The Dressmaker (I) (2015)
9/10
Oh, Jocelyn Where Have You Been Hiding All These Years
23 September 2018
Jocelyn Moorhouse has made just five films in four decades of filmmaking. Her second feature PROOF is a modern masterpiece and this 2015 adaptation of a Rosalie Ham novel isn't far off that.

This is probably Kate Winslet's finest hour thus far, playing the 'maybe' murderess Myrtle Dunnage, who returns to her vipers nest of a home town having reinvented herself as a purveyor of fine haute couture. Her return to the outback town of Dungatar is built upon the idea of exacting revenge upon a small population that wronged her and her mother (played with gleeful mania by an almost unrecognisable Judy Davis). The film opens like a Spaghetti western, and for good reason, for this is a jet black comedy modelled on HIGH PLAINS DRIFTER.

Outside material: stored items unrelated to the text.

(* Let $f(x)$ be a real polynomial of degree $K > 1$ with positive leading coefficient, such that all roots of $f'(x)$ are real. Let $k$ be the number of distinct roots of $f'(x)$ that are not inflection points of $f(x)$, and if $k > 0$ sort them as $\alpha_k < \cdots < \alpha_1$; set $\alpha_0 = +\infty$, $f(\alpha_0) = 1$, $\alpha_{k+1} = -\infty$, $f(\alpha_{k+1}) = (-1)^K$. Say that SIGN holds if $f(\alpha_i)f(\alpha_{i-1}) \leq 0$ for all $i = 1,\ldots,k+1$, and that MULT holds if every root $\beta$ of $f'(x)$ with $\mathrm{ord}_\beta(f'(x)) > 1$ is also a root of $f(x)$. Then: (a) $f(x)$ has only real roots if and only if SIGN and MULT hold; (b) all complex roots of $f(x)$ are real and non-negative if and only if SIGN and MULT hold, all roots of $f'(x)$ are non-negative and $(-1)^Kf(0) \geq 0$; (c) all complex roots of $f(x)$ are real and positive if and only if SIGN and MULT hold, all roots of $f'(x)$ are positive and $(-1)^Kf(0) > 0$.
   Context: $\mathrm{ord}_\beta(g(x))$ denotes the order of vanishing of the polynomial $g$ at $\beta$. *)

theory Defs
  imports "HOL-Computational_Algebra.Polynomial" Complex_Main
begin

definition inflection_point :: "real poly \<Rightarrow> real \<Rightarrow> bool" where
  "inflection_point f x \<longleftrightarrow>
     (\<exists>e>0. ((\<forall>t\<in>{x-e<..<x}. poly (pderiv (pderiv f)) t > 0) \<and>
              (\<forall>t\<in>{x<..<x+e}. poly (pderiv (pderiv f)) t < 0)) \<or>
             ((\<forall>t\<in>{x-e<..<x}. poly (pderiv (pderiv f)) t < 0) \<and>
              (\<forall>t\<in>{x<..<x+e}. poly (pderiv (pderiv f)) t > 0)))"

definition crit_noninfl :: "real poly \<Rightarrow> real set" where
  "crit_noninfl f = {x. poly (pderiv f) x = 0 \<and> \<not> inflection_point f x}"

text \<open>alpha f i for i = 1..k is the i-th largest element of crit_noninfl f
  (so alpha_k < ... < alpha_1).\<close>
definition alpha :: "real poly \<Rightarrow> nat \<Rightarrow> real" where
  "alpha f i = rev (sorted_list_of_set (crit_noninfl f)) ! (i - 1)"

definition fval :: "real poly \<Rightarrow> nat \<Rightarrow> real" where
  "fval f i = (if i = 0 then 1
               else if i = card (crit_noninfl f) + 1 then (-1) ^ degree f
               else poly f (alpha f i))"

definition SIGN :: "real poly \<Rightarrow> bool" where
  "SIGN f \<longleftrightarrow> (\<forall>i\<in>{1..card (crit_noninfl f) + 1}. fval f i * fval f (i - 1) \<le> 0)"

definition MULT :: "real poly \<Rightarrow> bool" where
  "MULT f \<longleftrightarrow> (\<forall>\<beta>::real. poly (pderiv f) \<beta> = 0 \<and> order \<beta> (pderiv f) > 1 \<longrightarrow> poly f \<beta> = 0)"

end

theory Submission
  imports Defs "HOL-Computational_Algebra.Fundamental_Theorem_Algebra"
begin

(*
  Write R for the real zeros of f and G for the zeros of f' that are not zeros of f. A zero of f
  of order m is a zero of f' of order m - 1, and all deg f - 1 zeros of f' are real, hence

    sum (x in R) ord_x f  =  |R| + (deg f - 1) - sum (c in G) ord_c f'.

  So f is real-rooted iff the right-hand side is deg f, i.e. iff sum (c in G) ord_c f' = |R| - 1.

  If f is real-rooted, Rolle's theorem puts a point of G between consecutive zeros, so |G| >= |R| - 1
  and therefore every point of G is a simple zero of f' (this is MULT) and G interlaces with R.
  Simple critical points are not inflection points, so if neither of two consecutive alpha_i is a
  zero of f, exactly one zero lies between them; it has odd order (an even-order zero would itself be
  some alpha_j), so f changes sign across it: this is SIGN.

  Conversely, under MULT the points of G are exactly the alpha_i with f(alpha_i) <> 0, and SIGN with
  the intermediate value theorem gives a zero of f in [alpha_(i+1), alpha_i) for each i <= k with
  f(alpha_i) <> 0, including i = 0. Hence |R| >= |G| + 1, which forces real-rootedness.

  For (b) and (c): if f is real-rooted and has a zero below a while all critical points are >= a, the
  least zero is simple and is the only zero <= a, so (-1)^K f(a) < 0.
*)

lemma map_poly_of_real_add:
  "map_poly (of_real :: real \<Rightarrow> 'a::real_algebra_1) (p + q) = map_poly of_real p + map_poly of_real q"
  by (intro poly_eqI) (simp add: coeff_map_poly)

lemma map_poly_of_real_eq_0_iff [simp]:
  "map_poly (of_real :: real \<Rightarrow> 'a::real_algebra_1) p = 0 \<longleftrightarrow> p = 0"
  by (simp add: map_poly_eq_0_iff)

lemma map_poly_of_real_mult:
  "map_poly (of_real :: real \<Rightarrow> 'a::{real_algebra_1,comm_ring_1}) (p * q) = map_poly of_real p * map_poly of_real q"
  by (induction p) (auto simp: map_poly_pCons map_poly_smult map_poly_of_real_add)

lemma map_poly_of_real_power:
  "map_poly (of_real :: real \<Rightarrow> 'a::{real_algebra_1,comm_ring_1}) (p ^ n) = map_poly of_real p ^ n"
  by (induction n) (simp_all add: map_poly_of_real_mult)

lemma poly_map_poly_of_real:
  "poly (map_poly (of_real :: real \<Rightarrow> 'a::{real_algebra_1,comm_ring_1}) p) (of_real x) = of_real (poly p x)"
  by (induction p) (auto simp: map_poly_pCons)

lemma order_map_poly_of_real:
  fixes p :: "real poly"
  assumes "p \<noteq> 0"
  shows "order (complex_of_real x) (map_poly of_real p) = order x p"
proof -
  obtain q where p: "p = [:-x, 1:] ^ order x p * q" and q: "\<not> [:-x, 1:] dvd q"
    using order_decomp[OF assms] by blast
  have "poly q x \<noteq> 0"
    using q by (simp add: poly_eq_0_iff_dvd)
  then have "order (complex_of_real x) (map_poly of_real q) = 0"
    by (intro order_0I) (simp add: poly_map_poly_of_real)
  moreover have "map_poly complex_of_real p = [:-of_real x, 1:] ^ order x p * map_poly of_real q"
    by (subst p) (simp add: map_poly_of_real_mult map_poly_of_real_power map_poly_pCons)
  moreover have "map_poly complex_of_real q \<noteq> 0"
    using \<open>poly q x \<noteq> 0\<close> by auto
  ultimately show ?thesis
    by (simp add: order_mult order_power_n_n)
qed

definition real_rooted :: "real poly \<Rightarrow> bool" where
  "real_rooted p \<longleftrightarrow> (\<forall>z::complex. poly (map_poly of_real p) z = 0 \<longrightarrow> z \<in> \<real>)"

lemma sum_order_real_roots_le_degree:
  fixes p :: "real poly"
  assumes "p \<noteq> 0"
  shows "(\<Sum>x | poly p x = 0. order x p) \<le> degree p"
  using size_proots_le[of p] assms by (simp add: size_multiset_overloaded_eq)

lemma sum_order_real_roots_eq_degree_iff:
  fixes p :: "real poly"
  assumes "p \<noteq> 0"
  shows "(\<Sum>x | poly p x = 0. order x p) = degree p \<longleftrightarrow> real_rooted p"
proof -
  define P where "P = map_poly complex_of_real p"
  define Z where "Z = {z. poly P z = 0}"
  have P: "P \<noteq> 0" "degree P = degree p"
    using assms by (simp_all add: P_def degree_map_poly)
  have "finite Z"
    unfolding Z_def using P by (simp add: poly_roots_finite)
  have total: "(\<Sum>z\<in>Z. order z P) = degree p"
    using size_proots_complex[of P] P by (simp add: size_multiset_overloaded_eq Z_def)
  have "Z \<inter> \<real> = complex_of_real ` {x. poly p x = 0}"
    by (auto simp: Z_def P_def poly_map_poly_of_real elim!: Reals_cases)
  then have real: "(\<Sum>x | poly p x = 0. order x p) = (\<Sum>z\<in>Z \<inter> \<real>. order z P)"
    using assms by (simp add: sum.reindex inj_on_def order_map_poly_of_real P_def)
  have "(\<Sum>z\<in>Z \<inter> \<real>. order z P) = (\<Sum>z\<in>Z. order z P) \<longleftrightarrow> (\<forall>z\<in>Z - \<real>. order z P = 0)"
    using \<open>finite Z\<close> sum.subset_diff[of "Z \<inter> \<real>" Z "\<lambda>z. order z P"]
    by (simp add: Diff_Int)
  also have "\<dots> \<longleftrightarrow> Z \<subseteq> \<real>"
    using P by (force simp: Z_def order_root)
  also have "\<dots> \<longleftrightarrow> real_rooted p"
    by (auto simp: real_rooted_def Z_def P_def)
  finally show ?thesis
    by (simp add: real total)
qed

lemma poly_order_decomp:
  fixes p :: "'a::idom poly"
  assumes "p \<noteq> 0"
  obtains h where "\<And>x. poly p x = (x - a) ^ order a p * poly h x" "poly h a \<noteq> 0"
proof -
  obtain h where p: "p = [:-a, 1:] ^ order a p * h" and h: "\<not> [:-a, 1:] dvd h"
    using order_decomp[OF assms] by blast
  show thesis
  proof (rule that)
    show "poly p x = (x - a) ^ order a p * poly h x" for x
      by (subst p) (simp add: poly_power)
    show "poly h a \<noteq> 0"
      using h by (simp add: poly_eq_0_iff_dvd)
  qed
qed

lemma poly_pos_right_of_roots:
  fixes p :: "real poly"
  assumes "lead_coeff p > 0" and "\<forall>x\<ge>a. poly p x \<noteq> 0"
  shows "poly p a > 0"
proof (rule ccontr)
  assume "\<not> poly p a > 0"
  with assms(2) have "poly p a < 0"
    by (metis linorder_neqE_linordered_idom order_refl)
  obtain n where n: "\<forall>x\<ge>n. poly p x \<ge> lead_coeff p"
    using poly_pinfty_gt_lc[OF assms(1)] by blast
  have "poly p (max (a + 1) n) > 0"
    using n assms(1) by (meson max.cobounded2 order_less_le_trans)
  moreover have "a < max (a + 1) n"
    by simp
  ultimately obtain x where "a < x" "poly p x = 0"
    using poly_IVT_pos[OF _ \<open>poly p a < 0\<close>] by blast
  with assms(2) show False
    by simp
qed

lemma poly_sign_left_of_roots:
  fixes p :: "real poly"
  assumes "lead_coeff p > 0" and "\<forall>x\<le>b. poly p x \<noteq> 0"
  shows "(-1) ^ degree p * poly p b > 0"
proof -
  define q where "q = smult ((-1) ^ degree p) (p \<circ>\<^sub>p [:0, -1:])"
  have q: "poly q x = (-1) ^ degree p * poly p (-x)" for x
    by (simp add: q_def poly_pcompose)
  have "lead_coeff q = lead_coeff p"
    by (simp add: q_def lead_coeff_comp mult.assoc[symmetric] power_mult_distrib[symmetric])
  with assms have "poly q (-b) > 0"
    by (intro poly_pos_right_of_roots) (auto simp: q)
  then show ?thesis
    by (simp add: q)
qed

lemma poly_sign_change_at_odd_order_root:
  fixes p :: "real poly"
  assumes "p \<noteq> 0" "a < s" "s < b" "\<forall>x\<in>{a..b}. poly p x = 0 \<longrightarrow> x = s" "odd (order s p)"
  shows "poly p a * poly p b < 0"
proof -
  obtain h where p: "\<And>x. poly p x = (x - s) ^ order s p * poly h x" and "poly h s \<noteq> 0"
    using poly_order_decomp[OF assms(1)] by blast
  have h: "poly h x \<noteq> 0" if "x \<in> {a..b}" for x
    using assms(4) that \<open>poly h s \<noteq> 0\<close> by (cases "x = s") (auto simp: p)
  have "poly h a * poly h b > 0"
  proof (rule ccontr)
    assume "\<not> poly h a * poly h b > 0"
    moreover have "poly h a * poly h b \<noteq> 0"
      using h assms(2,3) by simp
    ultimately obtain x where "a < x" "x < b" "poly h x = 0"
      using poly_IVT[of a b h] assms(2,3) by force
    with h show False
      by simp
  qed
  moreover have "(a - s) ^ order s p * (b - s) ^ order s p < 0"
    using assms by (simp add: mult_neg_pos power_less_zero_eq)
  moreover have "poly p a * poly p b = (poly h a * poly h b) * ((a - s) ^ order s p * (b - s) ^ order s p)"
    by (simp add: p algebra_simps)
  ultimately show ?thesis
    by (simp add: mult_pos_neg)
qed
(* Let $\mathbb{K}$ be a field, let $P_1, P_2 \in \mathbb{K}[X]$ be irreducible, let $m \geq 1$, and let $f_m : \mathbb{K}[X]/(P_1^m) \to \mathbb{K}[X]/(P_2^m)$ be a ring isomorphism stabilizing $\mathbb{K}$. Let $R \in \mathbb{K}[X]$ be such that $f_m$ sends the class of $X$ to the class of $R$, and let $Q$ be the remainder of the Euclidean division of $R$ by $P_2$ (which does not depend on the choice of $R$). If $Q' \neq 0$, then the rings $\mathbb{K}[X]/(P_1^n)$ and $\mathbb{K}[X]/(P_2^n)$ are isomorphic for all $n \geq 1$.
   Context: A ring homomorphism $f : A \to B$ between $\mathbb{K}$-algebras stabilizes $\mathbb{K}$ if there is a field automorphism $\sigma_f$ of $\mathbb{K}$ with $f(a) = \sigma_f(a)$ for all $a \in \mathbb{K}$ (with $\mathbb{K}$ identified with its image in $A$ and $B$). $Q'$ denotes the formal derivative of $Q$. *)

theory Defs
  imports "HOL-Algebra.QuotRing" "HOL-Computational_Algebra.Polynomial"
begin

definition poly_ring :: "'a::field poly ring" where
  "poly_ring = \<lparr>carrier = UNIV, monoid.mult = (*), one = 1, zero = 0, add = (+)\<rparr>"

definition pideal :: "'a::field poly \<Rightarrow> 'a poly set" where
  "pideal P = cgenideal poly_ring P"

definition quot_poly :: "'a::field poly \<Rightarrow> 'a poly set ring" where
  "quot_poly P = poly_ring Quot (pideal P)"

definition pclass :: "'a::field poly \<Rightarrow> 'a poly \<Rightarrow> 'a poly set" where
  "pclass P p = a_r_coset poly_ring (pideal P) p"

definition field_aut :: "('a::field \<Rightarrow> 'a) \<Rightarrow> bool" where
  "field_aut \<sigma> \<longleftrightarrow> bij \<sigma> \<and> (\<forall>a b. \<sigma> (a + b) = \<sigma> a + \<sigma> b) \<and>
     (\<forall>a b. \<sigma> (a * b) = \<sigma> a * \<sigma> b) \<and> \<sigma> 1 = 1"

definition stabilizes_K :: "'a::field poly \<Rightarrow> 'a poly \<Rightarrow> ('a poly set \<Rightarrow> 'a poly set) \<Rightarrow> bool" where
  "stabilizes_K P1 P2 f \<longleftrightarrow>
     (\<exists>\<sigma>. field_aut \<sigma> \<and> (\<forall>a. f (pclass P1 [:a:]) = pclass P2 [:\<sigma> a:]))"

end

theory Submission
  imports Defs "HOL-Computational_Algebra.Polynomial_Factorial"
begin

(* Let sigma be the automorphism of K by which f acts on constants and write g^sigma for g with
   sigma applied to its coefficients. Then f is induced by the semilinear substitution
   g |-> g^sigma(R); hence P2 divides P1^sigma(R), and every polynomial is congruent modulo P2 to
   some g^sigma(R). Whenever P2 divides P1^sigma(S) exactly once, the substitution g |-> g^sigma(S)
   takes g into (P2^n) iff g lies in (P1^n), and a Hensel-type lifting makes it onto modulo P2^n;
   so it induces K[X]/(P1^n) = K[X]/(P2^n) for every n. Such an S is found by first-order Taylor
   expansion: if P2' = 0 then S = R works, and otherwise one of R and R + P2 works. The latter
   needs P1' /= 0, which holds because if P1' = 0, differentiation preserves the ideal (P1), and
   transporting this along the substitution contradicts P2' /= 0. *)

section \<open>Divisibility and derivatives of polynomials\<close>

lemma euclidean_bezout:
  fixes a b :: "'a::euclidean_ring"
  shows "\<exists>d u v. d = u * a + v * b \<and> d dvd a \<and> d dvd b"
proof (induction b arbitrary: a rule: measure_induct_rule[where f = euclidean_size])
  case (less b)
  show ?case
  proof (cases "b = 0")
    case True
    then show ?thesis by (intro exI[of _ a] exI[of _ 1] exI[of _ 0]) simp
  next
    case False
    then have "euclidean_size (a mod b) < euclidean_size b" by (rule mod_size_less)
    with less obtain d u v where d: "d = u * b + v * (a mod b)" "d dvd b" "d dvd a mod b"
      by blast
    have "a = (a div b) * b + a mod b" by simp
    then have "d dvd a" using d(2,3) by (metis dvd_add dvd_mult)
    moreover have "d = v * a + (u - v * (a div b)) * b"
      using d(1) by (simp add: minus_div_mult_eq_mod[symmetric] algebra_simps)
    ultimately show ?thesis using d(2) by blast
  qed
qed

lemma irreducible_bezout:
  fixes p h :: "'a::euclidean_ring"
  assumes "irreducible p" and "\<not> p dvd h"
  obtains u v where "u * h + v * p = 1"
proof -
  obtain d u v where d: "d = u * h + v * p" "d dvd h" "d dvd p"
    using euclidean_bezout[of h p] by blast
  from \<open>d dvd p\<close> obtain e where e: "p = d * e" by (elim dvdE)
  have "\<not> is_unit e"
  proof
    assume "is_unit e"
    then have "p dvd d" using e by simp
    with \<open>d dvd h\<close> \<open>\<not> p dvd h\<close> show False by (blast intro: dvd_trans)
  qed
  then have "is_unit d" using irreducibleD[OF assms(1) e] by blast
  then obtain k where "1 = d * k" by (elim dvdE)
  then have "(k * u) * h + (k * v) * p = 1" by (simp add: d(1) algebra_simps)
  then show thesis by (rule that)
qed

lemma irreducible_bezout_power:
  fixes p h :: "'a::euclidean_ring"
  assumes "irreducible p" and "\<not> p dvd h"
  obtains u v where "u * h + v * p ^ n = 1"
proof -
  obtain u v where uv: "u * h + v * p = 1" using irreducible_bezout[OF assms] .
  have "\<exists>a b. a * h + b * p ^ n = 1"
  proof (induction n)
    case 0
    show ?case by (intro exI[of _ 0] exI[of _ 1]) simp
  next
    case (Suc n)
    then obtain a b where "a * h + b * p ^ n = 1" by blast
    then have "(a * h + b * p ^ n) * (u * h + v * p) = 1" using uv by simp
    then have "(a * u * h + a * v * p + b * u * p ^ n) * h + (b * v) * p ^ Suc n = 1"
      by (simp add: algebra_simps)
    then show ?case by blast
  qed
  then show thesis using that by blast
qed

Moorhouse has always had a blackly comic sensibility and fundamental affinity for the outsider. She is also that rarest of directors who is able to take risky tonal shifts in her stride. In THE DRESSMAKER things jump from the comic to the grotesque to the romantic to the tragic with all of the alacrity, poise and wit of a Preston Sturges or Rouben Mamoulian. The comedy is hilarious and the drama gut-wrenchingly harsh. Perhaps my only complaint with this slab of Australian weird cinema is that it has to end.